- Birkenhead, South Australia Australia

Information
- Type: Public
- Motto: Accessing Worlds Through Education with Passion, Courage, Commitment and a Sense of Humour
- Established: 1878
- Principal: Robert Bowden
- Enrolment: 238 (2023)
- Campus: Suburban
- Colours: Blue and gold
- Website: http://www.lefevreps.sa.edu.au/

= Le Fevre Peninsula Primary School =

Primary school in South Australia

Le Fevre Peninsula Primary School is a public coeducational primary school located in the Adelaide suburb of Birkenhead in South Australia.
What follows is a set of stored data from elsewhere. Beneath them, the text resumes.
(* For every $m\in\mathbb{Z}_{>0}$, $\alpha(-1)F^m\in C_2(V_L^+)$.
   Context: $L=\mathbb{Z}\alpha$, $\langle\alpha,\alpha\rangle=2k$; $V_L=M(1)\otimes\mathbb{C}[L]$ the lattice VOA, $V_L^+$ the fixed points of the involution $\theta$ lifted from $-1$ on $L$. $F^m=e^{m\alpha}-e^{-m\alpha}$. $C_2(V)$ is the span of $\{v_{-2}u:u,v\in V\}$. *)

theory Defs
  imports Complex_Main "HOL-Library.Multiset"
begin

text \<open>Concrete model of the rank-one lattice VOA V_L, L = Z alpha, (alpha,alpha) = 2k.
  Basis of V_L = M(1) (x) C[L]: pairs (mu, r) with mu a multiset of positive naturals,
  standing for  alpha(-mu_1) ... alpha(-mu_t) e^{r alpha}.  Vectors are coefficient functions
  (finite support is imposed in VL).  The 2-cocycle is taken trivial (legitimate because
  (beta,gamma) is even for all beta, gamma in L).\<close>

type_synonym basis = "nat multiset \<times> int"
type_synonym vec = "basis \<Rightarrow> complex"

definition vzero :: vec where "vzero = (\<lambda>_. 0)"
definition bv :: "basis \<Rightarrow> vec" where "bv b = (\<lambda>c. if c = b then 1 else 0)"
definition vadd :: "vec \<Rightarrow> vec \<Rightarrow> vec" where "vadd u v = (\<lambda>c. u c + v c)"
definition vsmult :: "complex \<Rightarrow> vec \<Rightarrow> vec" where "vsmult a v = (\<lambda>c. a * v c)"
definition vsum :: "('i \<Rightarrow> vec) \<Rightarrow> 'i set \<Rightarrow> vec" where
  "vsum T I = (\<lambda>c. \<Sum>i\<in>I. T i c)"
definition supp :: "vec \<Rightarrow> basis set" where "supp v = {b. v b \<noteq> 0}"

definition lin :: "(basis \<Rightarrow> vec) \<Rightarrow> vec \<Rightarrow> vec" where
  "lin f v = (\<lambda>c. \<Sum>b\<in>supp v. v b * f b c)"

definition fsum :: "('i \<Rightarrow> vec) \<Rightarrow> 'i set \<Rightarrow> vec" where
  "fsum T I = vsum T {i\<in>I. T i \<noteq> vzero}"

text \<open>Heisenberg modes alpha(n):  [alpha(m),alpha(n)] = 2k m delta_{m+n,0}, alpha(0) e^{r alpha} = 2kr e^{r alpha}.\<close>
fun hb :: "nat \<Rightarrow> int \<Rightarrow> basis \<Rightarrow> vec" where
  "hb k n (mu, r) =
     (if n < 0 then bv (mu + {#nat (-n)#}, r)
      else if n = 0 then vsmult (of_int (2 * int k * r)) (bv (mu, r))
      else vsmult (of_nat (nat n * 2 * k * count mu (nat n))) (bv (mu - {#nat n#}, r)))"

definition hmode :: "nat \<Rightarrow> int \<Rightarrow> vec \<Rightarrow> vec" where
  "hmode k n = lin (hb k n)"

definition hprod :: "nat \<Rightarrow> int list \<Rightarrow> vec \<Rightarrow> vec" where
  "hprod k ns v = foldr (hmode k) ns v"

text \<open>Partitions of j and coefficients of exp(sum_n x_n z^n / n).\<close>
definition parts :: "nat \<Rightarrow> nat multiset set" where
  "parts j = {mu. set_mset mu \<subseteq> {1..j} \<and> sum_mset mu = j}"

definition pcoef :: "nat multiset \<Rightarrow> complex" where
  "pcoef mu = (\<Prod>n\<in>set_mset mu. 1 / (of_nat n ^ count mu n * fact (count mu n)))"

text \<open>z^i coefficient of E^-(-beta,z) and z^{-j} coefficient of E^+(-beta,z), beta = s alpha.\<close>
definition Sminus :: "nat \<Rightarrow> int \<Rightarrow> nat \<Rightarrow> vec \<Rightarrow> vec" where
  "Sminus k s i v = vsum (\<lambda>mu. vsmult (of_int s ^ size mu * pcoef mu)
       (hprod k (map (\<lambda>n. - int n) (sorted_list_of_multiset mu)) v)) (parts i)"

definition Splus :: "nat \<Rightarrow> int \<Rightarrow> nat \<Rightarrow> vec \<Rightarrow> vec" where
  "Splus k s j v = vsum (\<lambda>mu. vsmult (of_int (- s) ^ size mu * pcoef mu)
       (hprod k (map int (sorted_list_of_multiset mu)) v)) (parts j)"

text \<open>Modes of e^{s alpha}:  Y(e^beta,z) = E^-(-beta,z) E^+(-beta,z) e_beta z^{beta(0)} = sum_n (e^beta)_n z^{-n-1}.\<close>
fun emode_b :: "nat \<Rightarrow> int \<Rightarrow> int \<Rightarrow> basis \<Rightarrow> vec" where
  "emode_b k s n (mu, r) =
     vsum (\<lambda>j. let i = int j - 2 * int k * s * r - n - 1 in
                 if i \<ge> 0 then Sminus k s (nat i) (Splus k s j (bv (mu, r + s))) else vzero)
          {0..sum_mset mu}"

definition emode :: "nat \<Rightarrow> int \<Rightarrow> int \<Rightarrow> vec \<Rightarrow> vec" where
  "emode k s n = lin (emode_b k s n)"

definition gbin :: "int \<Rightarrow> nat \<Rightarrow> complex" where
  "gbin m p = (of_int (- m - 1) gchoose (p - 1))"

text \<open>Modes of alpha(-p_1)...alpha(-p_t) e^{s alpha}, via
  Y(alpha(-p)v,z) = :(d^{(p-1)} alpha(z)) Y(v,z):, i.e.
  (alpha(-p)v)_n = sum_{m<0} C(-m-1,p-1) alpha(m) v_{n-m-p} + sum_{m>=0} C(-m-1,p-1) v_{n-m-p} alpha(m).\<close>
fun vml :: "nat \<Rightarrow> nat list \<Rightarrow> int \<Rightarrow> int \<Rightarrow> vec \<Rightarrow> vec" where
  "vml k [] s n w = emode k s n w"
| "vml k (p # ps) s n w =
     vadd (fsum (\<lambda>m. vsmult (gbin m p) (hmode k m (vml k ps s (n - m - int p) w))) {m. m < 0})
          (fsum (\<lambda>m. vsmult (gbin m p) (vml k ps s (n - m - int p) (hmode k m w))) {m. m \<ge> 0})"

text \<open>The vertex operator mode v_n u, Y(v,z) = sum_n v_n z^{-n-1}, extended linearly in v.\<close>
definition vmode :: "nat \<Rightarrow> vec \<Rightarrow> int \<Rightarrow> vec \<Rightarrow> vec" where
  "vmode k v n u = (\<lambda>c. \<Sum>b\<in>supp v. v b * vml k (sorted_list_of_multiset (fst b)) (snd b) n u c)"

definition VL :: "vec set" where
  "VL = {v. finite (supp v) \<and> (\<forall>b\<in>supp v. 0 \<notin># fst b)}"

definition theta :: "vec \<Rightarrow> vec" where
  "theta v = (\<lambda>(mu, r). (-1) ^ size mu * v (mu, - r))"

definition VLplus :: "vec set" where
  "VLplus = {v \<in> VL. theta v = v}"

inductive_set cspan :: "vec set \<Rightarrow> vec set" for S where
  zero: "vzero \<in> cspan S"
| add: "x \<in> S \<Longrightarrow> y \<in> cspan S \<Longrightarrow> vadd (vsmult a x) y \<in> cspan S"

definition C2 :: "nat \<Rightarrow> vec set \<Rightarrow> vec set" where
  "C2 k V = cspan {vmode k v (-2) u | u v. u \<in> V \<and> v \<in> V}"

definition F :: "int \<Rightarrow> vec" where
  "F m = vadd (bv ({#}, m)) (vsmult (-1) (bv ({#}, - m)))"

end

theory Submission
  imports Defs
begin

text \<open>Since \<open>Y(e^\<beta>, z) 1 = E^-(-\<beta>, z) e^\<beta>\<close>, the coefficient of \<open>z^1\<close> gives
  \<open>e^\<beta>_(-2) 1 = \<beta>(-1) e^\<beta>\<close>. Both the vacuum and \<open>E^m = e^(m\<alpha>) + e^(-m\<alpha>)\<close> lie in \<open>V_L^+\<close>,
  and by linearity \<open>E^m_(-2) 1 = m \<alpha>(-1) F^m\<close>; so for \<open>m \<noteq> 0\<close> the vector \<open>\<alpha>(-1) F^m\<close> is a
  multiple of a generator of \<open>C_2(V_L^+)\<close>.\<close>

definition vacuum :: vec where
  "vacuum = bv ({#}, 0)"

definition E :: "int \<Rightarrow> vec" where
  "E m = vadd (bv ({#}, m)) (bv ({#}, - m))"

lemma supp_bv [simp]: "supp (bv b) = {b}"
  by (auto simp: supp_def bv_def)

lemma supp_vadd: "supp (vadd u v) \<subseteq> supp u \<union> supp v"
  by (auto simp: supp_def vadd_def)

lemma supp_vsmult: "supp (vsmult a v) \<subseteq> supp v"
  by (auto simp: supp_def vsmult_def)

lemma finite_supp_vsmult: "finite (supp v) \<Longrightarrow> finite (supp (vsmult a v))"
  by (meson finite_subset supp_vsmult)

lemma lin_eq_sum_superset:
  assumes "finite S" "supp v \<subseteq> S"
  shows "lin f v c = (\<Sum>b\<in>S. v b * f b c)"
  unfolding lin_def using assms by (intro sum.mono_neutral_left) (auto simp: supp_def)

lemma lin_bv: "lin f (bv b) = f b"
  unfolding lin_def supp_bv by (rule ext) (simp add: bv_def)

lemma lin_vadd:
  assumes "finite (supp u)" "finite (supp v)"
  shows "lin f (vadd u v) = vadd (lin f u) (lin f v)"
proof (rule ext)
  fix c
  let ?S = "supp u \<union> supp v"
  have "lin f (vadd u v) c = (\<Sum>b\<in>?S. (u b + v b) * f b c)"
    using assms supp_vadd by (subst lin_eq_sum_superset[of ?S]) (auto simp: vadd_def)
  also have "\<dots> = (\<Sum>b\<in>?S. u b * f b c) + (\<Sum>b\<in>?S. v b * f b c)"
    by (simp add: distrib_right sum.distrib)
  also have "\<dots> = lin f u c + lin f v c"
    using assms by (simp add: lin_eq_sum_superset[of ?S])
  finally show "lin f (vadd u v) c = vadd (lin f u) (lin f v) c"
    by (simp add: vadd_def)
qed

lemma lin_vsmult:
  assumes "finite (supp v)"
  shows "lin f (vsmult a v) = vsmult a (lin f v)"
proof (rule ext)
  fix c
  have "lin f (vsmult a v) c = (\<Sum>b\<in>supp v. a * v b * f b c)"
    using assms supp_vsmult by (subst lin_eq_sum_superset[of "supp v"]) (auto simp: vsmult_def)
  then show "lin f (vsmult a v) c = vsmult a (lin f v) c"
    by (simp add: lin_def vsmult_def sum_distrib_left mult.assoc)
qed

lemma vmode_eq_lin:
  "vmode k v n u = lin (\<lambda>b. vml k (sorted_list_of_multiset (fst b)) (snd b) n u) v"
  by (simp add: vmode_def lin_def)

lemma parts_0: "parts 0 = {{#}}"
  by (auto simp: parts_def)

lemma parts_1: "parts 1 = {{#1#}}"
proof (intro equalityI subsetI)
  fix mu assume "mu \<in> parts 1"
  then have "set_mset mu \<subseteq> {1}" and sum: "sum_mset mu = 1"
    by (auto simp: parts_def)
  then have "mu = replicate_mset (count mu 1) 1"
    by (intro multiset_eqI) (auto simp: count_eq_zero_iff)
  then obtain n where mu: "mu = replicate_mset n 1"
    by blast
  with sum have "n = 1" by simp
  with mu show "mu \<in> {{#1#}}" by simp
qed (auto simp: parts_def)

lemma Splus_0: "Splus k s 0 v = v"
  by (rule ext) (simp add: Splus_def parts_0 pcoef_def vsum_def vsmult_def hprod_def)

lemma Sminus_1: "Sminus k s 1 v = vsmult (of_int s) (hmode k (-1) v)"
  unfolding Sminus_def parts_1
  by (rule ext) (simp add: pcoef_def vsum_def vsmult_def hprod_def)

lemma emode_neg2_vacuum:
  "emode k s (-2) vacuum = vsmult (of_int s) (hmode k (-1) (bv ({#}, s)))"
proof -
  have "emode k s (-2) vacuum = Sminus k s 1 (Splus k s 0 (bv ({#}, s)))"
    by (rule ext) (simp add: emode_def vacuum_def lin_bv vsum_def)
  then show ?thesis
    unfolding Splus_0 Sminus_1 .
qed

lemma E_mode_neg2_vacuum:
  "vmode k (E m) (-2) vacuum = vsmult (of_int m) (hmode k (-1) (F m))"
proof -
  have "vmode k (E m) (-2) vacuum =
      vadd (vsmult (of_int m) (hmode k (-1) (bv ({#}, m))))
           (vsmult (of_int (- m)) (hmode k (-1) (bv ({#}, - m))))"
    by (simp add: vmode_eq_lin E_def lin_vadd lin_bv emode_neg2_vacuum)
  moreover have "hmode k (-1) (F m) =
      vadd (hmode k (-1) (bv ({#}, m))) (vsmult (-1) (hmode k (-1) (bv ({#}, - m))))"
    by (simp add: hmode_def F_def lin_vadd lin_vsmult finite_supp_vsmult lin_bv)
  ultimately show ?thesis
    by (auto simp: vadd_def vsmult_def algebra_simps)
qed

lemma theta_bv: "theta (bv (mu, r)) = vsmult ((-1) ^ size mu) (bv (mu, - r))"
  by (auto simp: theta_def bv_def vsmult_def)

lemma theta_vadd: "theta (vadd u v) = vadd (theta u) (theta v)"
  by (auto simp: theta_def vadd_def distrib_left)

lemma vacuum_in_VLplus: "vacuum \<in> VLplus"
  by (simp add: VLplus_def VL_def vacuum_def theta_bv vsmult_def)

lemma E_in_VLplus: "E m \<in> VLplus"
proof -
  have "theta (E m) = E m"
    unfolding E_def theta_vadd theta_bv by (auto simp: vadd_def vsmult_def)
  moreover have "supp (E m) \<subseteq> {({#}, m), ({#}, - m)}"
    unfolding E_def using supp_vadd[of "bv ({#}, m)" "bv ({#}, - m)"] by auto
  ultimately show ?thesis
    unfolding VLplus_def VL_def by (auto dest: finite_subset)
qed

lemma smult_vmode_neg2_in_C2:
  assumes "u \<in> V" "v \<in> V"
  shows "vsmult a (vmode k v (-2) u) \<in> C2 k V"
proof -
  have "vadd (vsmult a (vmode k v (-2) u)) vzero \<in> C2 k V"
    unfolding C2_def using assms by (blast intro: cspan.add cspan.zero)
  moreover have "vadd (vsmult a (vmode k v (-2) u)) vzero = vsmult a (vmode k v (-2) u)"
    by (simp add: vadd_def vzero_def)
  ultimately show ?thesis by simp
qed

theorem lemma4p6:
  fixes k :: nat and m :: int
  assumes "k > 0" and "m > 0"
  shows "hmode k (-1) (F m) \<in> C2 k VLplus"
proof -
  have "hmode k (-1) (F m) = vsmult (1 / of_int m) (vmode k (E m) (-2) vacuum)"
    using \<open>m > 0\<close> by (auto simp: E_mode_neg2_vacuum vsmult_def)
  then show ?thesis
    using smult_vmode_neg2_in_C2[OF vacuum_in_VLplus E_in_VLplus] by simp
qed

end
Since the school's foundation, the name has been spelled in various ways, including Lefevre's, LeFevre's, and Le Fevre's. However, in 1931, the apostrophe was officially dropped, and today the name is commonly referred to as Le Fevre. It is administered by the Department of Education, with an enrolment of 238 students and a teaching staff of 24, as of 2023. The school caters to students from Reception to Year 6.

== History ==
Built on the property of an old school, the current school was designed by Mr. Woods and constructed by Mr. Williams and Cleave at a cost of £2,800, with approximately an additional £300, it was officially opened on Tuesday, 22 January 1878. On its opening day, it had 418 students enrolled, with 404 attending.